Now we maintain $\tilde \xi_t$, $\tilde \Omega_t$ and $\mu_t$.

The corrected mean is estimated after the measurement update of the canonical parameters $\xi_t$ and $\Omega_t$

Motion Update

motion-update

(2-4) $F_x$, $\delta$, $\Delta$ are the same as those in EKF SLAM.

(5-9) Predict the information matrix

\[\begin{split} \bar \Omega_t & = \Sigma_t^{-1} \\ & = [G_t \Omega_{t-1}^{-1} G_t^{-1} + R_t] ^ {-1} = [\Phi^{-1} + R_t] ^ {-1} = [\Phi^{-1} + F_x^{T} R_t^x F_x] ^ {-1} \\ & = \Phi_t - \kappa_t \text{(Matrix Inversion Lemma)} \end{split}\]

Computing $\Omega_t$ is constant complexity if $\Phi_t$ is sparse.

(5-7) Computing $\Phi_t$ is also constant complexity if $\Omega_{t-1}$ is sparse.

Using $G_t^{-1} = (I + F_x^T \delta F_x)^{-1} = \dots = I + \Psi_t$,

\[\begin{split} \Phi_t & = [G_t \Omega_{t-1} G_t^T]^{-1} \\ & = [G_t^T]^{-1} \Omega_{t-1} G_t^{-1} \\ & = (I + \Psi_t) \Omega_{t-1} (I + \Psi_t^T) \\ & = \Omega_{t-1} + \lambda_t \end{split}\]

where $\Psi_t$ is mapped to $(2n+3, 2n+3)$ from a $(3, 3)$ matrix by $F_x$, and $\lambda_t$ is all zeros except for a constant number of entries.

(10) Predict the information vector in constant time (the first line below is not):

\[\begin{split} \xi_t & = \bar \Omega_t \bar \mu_t = \bar \Omega_t (\mu_{t-1} + F_x^T \delta) \quad \text{using} \quad \mu_{t-1} = \Omega_{t-1}^{-1} \xi_{t-1} \\ & = \bar \Omega_t \Omega_{t-1}^{-1} \xi_{t-1} + \bar \Omega_t F_x^T \delta \\ & = \dots \\ & = \xi_{t-1} + (\lambda_t - \kappa_t) \mu_{t-1} + \bar \Omega_t F_x^T \delta \end{split}\]

where $\lambda_t$ and $\kappa_t$ are both sparse, and $F_x^T \delta$ is also sparse.

(11) Predict the mean (just the same as EKF SLAM)

Measurement update

seif-measurement-update-1 seif-measurement-update-2

Caution! $\mu_t$ on L0 and L12 are supposed to be $\bar \mu_t$.

(1-11) Compute the expected observation $\hat z_t^i$ and the corresponding measurement Jacobian $H_t^i$ for each of the observed feature $i$, which is associated to landmark $j$. Again this step is the same as EKF SLAM.

(12-13) Compute the corrected information matrix and information vector.
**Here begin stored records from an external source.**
(* There exists a compact metric space $X$ which admits a minimal map (indeed a minimal homeomorphism), admits no minimal noninvertible continuous map, is not homeomorphic to the circle $\mathbb{S}^1$, and is not a Slovak space.
   Context: A continuous map $T:X\to X$ on a compact metric space $X$ is minimal if for every $x\in X$ the forward orbit $\{T^n(x):n\in\mathbb{N}\}$ is dense in $X$. $H(X)$ denotes the group of all homeomorphisms of $X$. A nondegenerate compact metric space $X$ is a Slovak space if $H(X)=\{T^n:n\in\mathbb{Z}\}$ for some minimal homeomorphism $T$. *)

theory Defs
  imports "HOL-Analysis.Analysis"
begin

text \<open>Compact metric spaces are represented as compact subsets of the type
  nat \<Rightarrow> real (countable product of the reals, a metric space via Function_Metric);
  every compact metric space embeds homeomorphically into it (Hilbert cube).\<close>

definition minimal_map :: "'a::topological_space set \<Rightarrow> ('a \<Rightarrow> 'a) \<Rightarrow> bool" where
  "minimal_map X T \<longleftrightarrow> T ` X \<subseteq> X \<and> continuous_on X T \<and>
     (\<forall>x\<in>X. X \<subseteq> closure {(T ^^ n) x | n::nat. True})"

definition int_iter :: "('a \<Rightarrow> 'a) \<Rightarrow> ('a \<Rightarrow> 'a) \<Rightarrow> int \<Rightarrow> 'a \<Rightarrow> 'a" where
  "int_iter T S n = (if n \<ge> 0 then T ^^ nat n else S ^^ nat (- n))"

definition slovak_space :: "'a::topological_space set \<Rightarrow> bool" where
  "slovak_space X \<longleftrightarrow> (\<exists>a\<in>X. \<exists>b\<in>X. a \<noteq> b) \<and>
     (\<exists>T S. homeomorphism X X T S \<and> minimal_map X T \<and>
        (\<forall>h. (\<exists>g. homeomorphism X X h g) \<longleftrightarrow>
             (\<exists>n::int. \<forall>x\<in>X. h x = int_iter T S n x)))"

end

theory Submission
  imports Defs
begin

text \<open>The example is the disjoint union of two circles. Swapping the circles while rotating by
  an irrational angle is a minimal homeomorphism. Conversely, a minimal map f of a compact space
  is onto, and every nonempty open set contains the whole fibre of some point, so f cannot map an
  open set into the image of a disjoint set. Lifting f locally to the angle coordinate, a
  non-injective lift would fold an arc over the rest of its domain, and two points with a common
  image would make an arc around one of them map into the image of an arc around the other; so
  every minimal map of the two circles is injective. The swap of the circles is an involution,
  which in a Slovak space would be a power of the minimal homeomorphism. Disconnectedness rules
  out the circle.\<close>

section \<open>Minimal maps\<close>

lemma funpow_in_invariant: "f ` X \<subseteq> X \<Longrightarrow> x \<in> X \<Longrightarrow> (f ^^ n) x \<in> X"
  by (induction n) auto

lemma continuous_on_funpow:
  assumes "f ` X \<subseteq> X" "continuous_on X f"
  shows "continuous_on X (f ^^ n)"
proof (induction n)
  case (Suc n)
  have "continuous_on X (f \<circ> (f ^^ n))"
    using Suc assms by (intro continuous_on_compose continuous_on_subset[OF assms(2)])
      (auto intro: funpow_in_invariant)
  then show ?case by simp
qed simp

lemma minimal_map_orbit_closure_subset:
  assumes "minimal_map X f" "x \<in> X" "closed C" "\<And>n. (f ^^ n) x \<in> C"
  shows "X \<subseteq> C"
proof -
  have "closure {(f ^^ n) x | n. True} \<subseteq> C"
    using assms(3,4) by (intro closure_minimal) auto
  then show ?thesis using assms(1,2) unfolding minimal_map_def by blast
qed

lemma minimal_map_imp_surj:
  fixes X :: "'a::metric_space set"
  assumes min: "minimal_map X f" and "compact X"
  shows "f ` X = X"
proof
  have fX: "f ` X \<subseteq> X" and cf: "continuous_on X f"
    using min unfolding minimal_map_def by auto
  then show "f ` X \<subseteq> X" by blast
  show "X \<subseteq> f ` X"
  proof (cases "X = {}")
    case False
    then obtain y where y: "y \<in> X" by blast
    have "(f ^^ n) (f y) \<in> f ` X" for n
      by (metis funpow_swap1 funpow_in_invariant[OF fX y] image_eqI)
    moreover have "closed (f ` X)"
      using \<open>compact X\<close> cf by (intro compact_imp_closed compact_continuous_image)
    ultimately show ?thesis
      using fX y by (intro minimal_map_orbit_closure_subset[OF min, of "f y"]) auto
  qed simp
qed

text \<open>If the preimage of every point met the closed set X - U, a backward orbit inside X - U
  would accumulate at a point whose whole forward orbit lies in X - U.\<close>
lemma minimal_map_image_diff_open:
  fixes X :: "'a::metric_space set"
  assumes min: "minimal_map X f" and "compact X" "open U" "U \<inter> X \<noteq> {}"
  shows "\<not> X \<subseteq> f ` (X - U)"
proof
  assume "X \<subseteq> f ` (X - U)"
  then have "\<forall>y\<in>X. \<exists>x. x \<in> X - U \<and> f x = y" by blast
  then obtain g where g: "\<And>y. y \<in> X \<Longrightarrow> g y \<in> X - U \<and> f (g y) = y" by metis
  from assms(4) obtain y0 where y0: "y0 \<in> X" by blast
  define z where "z n = (g ^^ n) y0" for n
  have zX: "z n \<in> X" for n unfolding z_def using y0 g by (induction n) auto
  have zU: "z (Suc n) \<notin> U" and fz: "f (z (Suc n)) = z n" for n
    using g zX unfolding z_def by auto
  have fz_iter: "(f ^^ j) (z (n + j)) = z n" for j n
  proof (induction j)
    case (Suc j)
    have "(f ^^ Suc j) (z (n + Suc j)) = (f ^^ j) (f (z (Suc (n + j))))"
      by (simp only: funpow_Suc_right comp_apply add_Suc_right)
    then show ?case using Suc by (simp only: fz)
  qed simp
  have fX: "f ` X \<subseteq> X" and cf: "continuous_on X f"
    using min unfolding minimal_map_def by auto
  obtain w r where w: "w \<in> X" and r: "strict_mono r" and lim: "(z \<circ> r) \<longlonglongrightarrow> w"
    using compact_imp_seq_compact[OF \<open>compact X\<close>] zX unfolding seq_compact_def by metis
  have closed: "closed (X - U)"
    using assms(2,3) by (simp add: closed_Diff compact_imp_closed)
  have "(f ^^ j) w \<in> X - U" for j
  proof (rule Lim_in_closed_set[OF closed])
    show "(\<lambda>k. (f ^^ j) (z (r k))) \<longlonglongrightarrow> (f ^^ j) w"
      using continuous_on_tendsto_compose[OF continuous_on_funpow[OF fX cf] lim[unfolded comp_def] w] zX
      by auto
    have "\<forall>\<^sub>F k in sequentially. Suc j \<le> r k"
      using filterlim_subseq[OF r] by (simp add: filterlim_at_top)
    then show "\<forall>\<^sub>F k in sequentially. (f ^^ j) (z (r k)) \<in> X - U"
    proof (rule eventually_mono)
      fix k assume "Suc j \<le> r k"
      then obtain m where "r k = Suc m + j" by (metis add.commute le_Suc_ex add_Suc_right)
      then show "(f ^^ j) (z (r k)) \<in> X - U" using fz_iter[of j "Suc m"] zX zU by simp
    qed
  qed simp
  then have "X \<subseteq> X - U" by (rule minimal_map_orbit_closure_subset[OF min w closed])
  then show False using assms(4) by blast
qed

lemma minimal_map_no_fold:
  fixes X :: "'a::metric_space set"
  assumes min: "minimal_map X f" and "compact X" "open V" "V \<inter> X \<noteq> {}"
    and "W \<subseteq> X" "V \<inter> W = {}" "f ` (V \<inter> X) \<subseteq> f ` W"
  shows False
proof -
  have "X = f ` (V \<inter> X) \<union> f ` (X - V)"
    using minimal_map_imp_surj[OF min \<open>compact X\<close>] by blast
  also have "\<dots> \<subseteq> f ` (X - V)" using assms(5-7) by blast
  finally show False using minimal_map_image_diff_open[OF min assms(2-4)] by blast
qed

lemma minimal_map_periodic_imp_finite:
  fixes X :: "'a::t1_space set"
  assumes min: "minimal_map X f" and "x \<in> X" "0 < k" "(f ^^ k) x = x"
  shows "finite X"
proof -
  have orbit: "{(f ^^ n) x | n. True} \<subseteq> (\<lambda>j. (f ^^ j) x) ` {..<k}"
  proof clarify
    fix n
    show "(f ^^ n) x \<in> (\<lambda>j. (f ^^ j) x) ` {..<k}"
      using funpow_mod_eq[OF assms(4), of n] assms(3) by (metis image_eqI lessThan_iff mod_less_divisor)
  qed
  then have "finite {(f ^^ n) x | n. True}" by (rule finite_subset) simp
  moreover have "X \<subseteq> {(f ^^ n) x | n. True}"
    using calculation assms(2) by (intro minimal_map_orbit_closure_subset[OF min]) (auto intro: finite_imp_closed)
  ultimately show ?thesis by (rule finite_subset[rotated])
qed

lemma minimal_map_conj:
  fixes X :: "'a::t2_space set" and Y :: "'b::topological_space set"
  assumes hom: "homeomorphism X Y \<phi> \<psi>" and "compact X" and min: "minimal_map X T"
  shows "minimal_map Y (\<phi> \<circ> T \<circ> \<psi>)"
proof -
  have TX: "T ` X \<subseteq> X" and cT: "continuous_on X T"
    using min unfolding minimal_map_def by auto
  from hom have \<phi>X: "\<phi> ` X = Y" and \<psi>Y: "\<psi> ` Y = X" and c\<phi>: "continuous_on X \<phi>"
    and c\<psi>: "continuous_on Y \<psi>" and \<psi>\<phi>: "\<And>x. x \<in> X \<Longrightarrow> \<psi> (\<phi> x) = x"
    unfolding homeomorphism_def by auto
  have iter: "((\<phi> \<circ> T \<circ> \<psi>) ^^ n) (\<phi> x) = \<phi> ((T ^^ n) x)" if "x \<in> X" for n x
    by (induction n) (simp_all add: \<psi>\<phi> funpow_in_invariant[OF TX that])
  have dense: "Y \<subseteq> closure {((\<phi> \<circ> T \<circ> \<psi>) ^^ n) y | n. True}" if y: "y \<in> Y" for y
  proof -
    obtain x where x: "x \<in> X" "y = \<phi> x" using y \<phi>X by auto
    have "X \<subseteq> X \<inter> \<phi> -` closure {((\<phi> \<circ> T \<circ> \<psi>) ^^ n) y | n. True}"
    proof (rule minimal_map_orbit_closure_subset[OF min x(1)])
      show "closed (X \<inter> \<phi> -` closure {((\<phi> \<circ> T \<circ> \<psi>) ^^ n) y | n. True})"
        using c\<phi> \<open>compact X\<close> by (intro continuous_closed_preimage compact_imp_closed) auto
      show "(T ^^ n) x \<in> X \<inter> \<phi> -` closure {((\<phi> \<circ> T \<circ> \<psi>) ^^ n) y | n. True}" for n
        using funpow_in_invariant[OF TX x(1)] iter[OF x(1), of n] x(2)
        by (auto intro!: closure_subset[THEN subsetD] exI[of _ n])
    qed
    then show ?thesis using \<phi>X by auto
  qed
  have "continuous_on Y (\<phi> \<circ> (T \<circ> \<psi>))"
  proof (rule continuous_on_compose)
    show "continuous_on Y (T \<circ> \<psi>)" using continuous_on_compose[OF c\<psi>] cT \<psi>Y by simp
    have "(T \<circ> \<psi>) ` Y \<subseteq> X" using TX \<psi>Y by auto
    then show "continuous_on ((T \<circ> \<psi>) ` Y) \<phi>" by (rule continuous_on_subset[OF c\<phi>])
  qed
  then show ?thesis
    using dense \<phi>X \<psi>Y TX \<psi>\<phi> unfolding minimal_map_def by (auto simp: comp_assoc)
qed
This step is different from EKF SLAM but the same as EIF SLAM. Note that the computation is constant for each $i$ because everything is sparse.

Recovering the mean

Remind that the mean $\mu_t$ was needed in the previous motion update step. And it will also be needed in the sparsification step later on.

However, computing the corrected mean $\mu = \Omega^{-1} \xi$ is costly. We therefore $approximate$ the corrected mean.

Find an approximated mean (constant dimension) that maximize the probability density function.

\[\begin{split} \hat \mu & = \underset{\mu}{\mathrm{argmax}} p(\mu) \\ & = \underset{\mu}{\mathrm{argmax}} \exp(-\frac{1}{2} \mu^T \Omega \mu + \xi^T \mu) \end{split}\]

To be discussed later.

Sparsification

Sparsification ensures a sparse information matrix as assumed by the previous steps.